Stored items
--------
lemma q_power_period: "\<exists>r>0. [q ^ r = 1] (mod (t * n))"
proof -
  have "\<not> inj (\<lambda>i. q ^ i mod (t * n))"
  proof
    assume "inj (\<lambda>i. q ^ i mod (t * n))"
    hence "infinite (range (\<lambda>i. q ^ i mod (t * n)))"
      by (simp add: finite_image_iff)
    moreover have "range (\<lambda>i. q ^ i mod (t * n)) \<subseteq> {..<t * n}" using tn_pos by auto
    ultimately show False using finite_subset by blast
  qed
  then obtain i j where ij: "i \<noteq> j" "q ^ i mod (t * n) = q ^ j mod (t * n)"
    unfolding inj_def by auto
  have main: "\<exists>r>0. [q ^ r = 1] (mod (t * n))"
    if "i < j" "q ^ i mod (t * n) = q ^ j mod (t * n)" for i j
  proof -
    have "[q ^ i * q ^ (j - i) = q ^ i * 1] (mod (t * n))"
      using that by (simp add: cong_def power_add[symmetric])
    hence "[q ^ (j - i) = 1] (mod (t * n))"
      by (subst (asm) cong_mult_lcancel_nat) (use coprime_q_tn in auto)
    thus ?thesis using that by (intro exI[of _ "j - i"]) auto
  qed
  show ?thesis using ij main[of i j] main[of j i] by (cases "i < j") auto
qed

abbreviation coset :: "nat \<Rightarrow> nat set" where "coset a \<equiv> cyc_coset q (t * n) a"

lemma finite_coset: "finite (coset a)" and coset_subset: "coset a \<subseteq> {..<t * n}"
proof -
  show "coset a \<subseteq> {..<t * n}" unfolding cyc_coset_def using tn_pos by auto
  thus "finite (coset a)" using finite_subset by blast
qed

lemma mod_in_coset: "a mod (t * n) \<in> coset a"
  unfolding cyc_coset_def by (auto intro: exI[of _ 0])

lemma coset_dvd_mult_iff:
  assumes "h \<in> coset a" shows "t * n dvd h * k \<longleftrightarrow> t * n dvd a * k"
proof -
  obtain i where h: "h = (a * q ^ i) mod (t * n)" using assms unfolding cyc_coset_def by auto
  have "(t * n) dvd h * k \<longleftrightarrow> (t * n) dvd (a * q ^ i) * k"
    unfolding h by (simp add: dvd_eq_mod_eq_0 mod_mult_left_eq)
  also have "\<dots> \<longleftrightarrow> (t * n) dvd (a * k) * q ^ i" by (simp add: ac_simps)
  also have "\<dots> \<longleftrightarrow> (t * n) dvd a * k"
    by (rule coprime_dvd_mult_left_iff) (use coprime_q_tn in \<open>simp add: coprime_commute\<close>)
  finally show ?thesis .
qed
--------
**Your task:**
Taking the records above, retype every line from the one with "ultimately show False" down to the one with "using that by (simp", exactly and with nothing else.

**Task response:**
    ultimately show False using finite_subset by blast
  qed
  then obtain i j where ij: "i \<noteq> j" "q ^ i mod (t * n) = q ^ j mod (t * n)"
    unfolding inj_def by auto
  have main: "\<exists>r>0. [q ^ r = 1] (mod (t * n))"
    if "i < j" "q ^ i mod (t * n) = q ^ j mod (t * n)" for i j
  proof -
    have "[q ^ i * q ^ (j - i) = q ^ i * 1] (mod (t * n))"
      using that by (simp add: cong_def power_add[symmetric])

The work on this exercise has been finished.